Optimization of soy-biodiesel combustion in a modern diesel engine

As global petroleum demand continues to increase, alternative fuel vehicles are becoming the focus of increasing attention. Biodiesel has emerged as an attractive alternative fuel option due to its domestic availability from renewable sources, its relative physical and chemical similarities to conventional diesel fuel, and its miscibility with conventional diesel. Biodiesel combustion in modern diesel engines does, however, generally result in higher fuel consumption and nitrogen oxide (NOx) emissions compared to diesel combustion due to fuel property differences including calorific value and oxygen content. The purpose of this study is to determine the optimal engine decision-making for 100% soy-based biodiesel to accommodate fuel property differences via modulation of air–fuel ratio (AFR), exhaust gas recirculation (EGR) fraction, fuel rail pressure, and start of main fuel injection pulse at over 150 different random combinations, each at four very different operating locations.
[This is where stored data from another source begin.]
lemma defect_slope_nonpos_le_1:
  assumes "u + v = 1" "0 \<le> u" "0 \<le> C" "C \<le> v" "2 * u * v \<le> C" "0 < x" "x \<le> 1"
  shows "defect_slope u v C x \<le> 0"
proof -
  have "0 \<le> slope_quadratic u v C w" if "w \<le> 1" for w
  proof -
    have "slope_quadratic u v C w
        = (C * (u + v) - 2 * u * v) + u * (1 - w) * (2 * v - C * (w + 1))"
      by (simp add: slope_quadratic_def algebra_simps power2_eq_square)
    moreover have "C * (w + 1) \<le> C * 2"
      using assms that by (intro mult_left_mono) auto
    ultimately show ?thesis
      using assms that by simp
  qed
  then show ?thesis
    using defect_slope_mono[of x 1 u v C] assms by simp
qed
Applying the nominal diesel settings to biodiesel combustion resulted in increases in NOx at three of the four locations (up to 44%) and fuel consumption (11–20%) over the nominal diesel levels accompanied by substantial reductions in particulate matter (over 80%). The biodiesel optimal settings were defined as the parameter settings that produced comparable or lower NOx, particulate matter (PM), and peak rate of change of in-cylinder pressure (peak dP/dt, a metric for noise) with respect to nominal diesel levels, while minimizing brake specific fuel consumption (BSFC). At most of the operating locations, the optimal engine decision-making was clearly shifted to lower AFRs and higher EGR fractions in order to reduce the observed increases in NOx at the nominal settings, and to more advanced timings in order to mitigate the observed increases in fuel consumption at the nominal settings. These optimal parameter combinations for biodiesel were able to reduce NOx and noise levels below nominal diesel levels while largely maintaining the substantial PM reductions. These parameter combinations, however, had little (maximum 4% reduction) or no net impact on reducing the biodiesel fuel consumption penalty.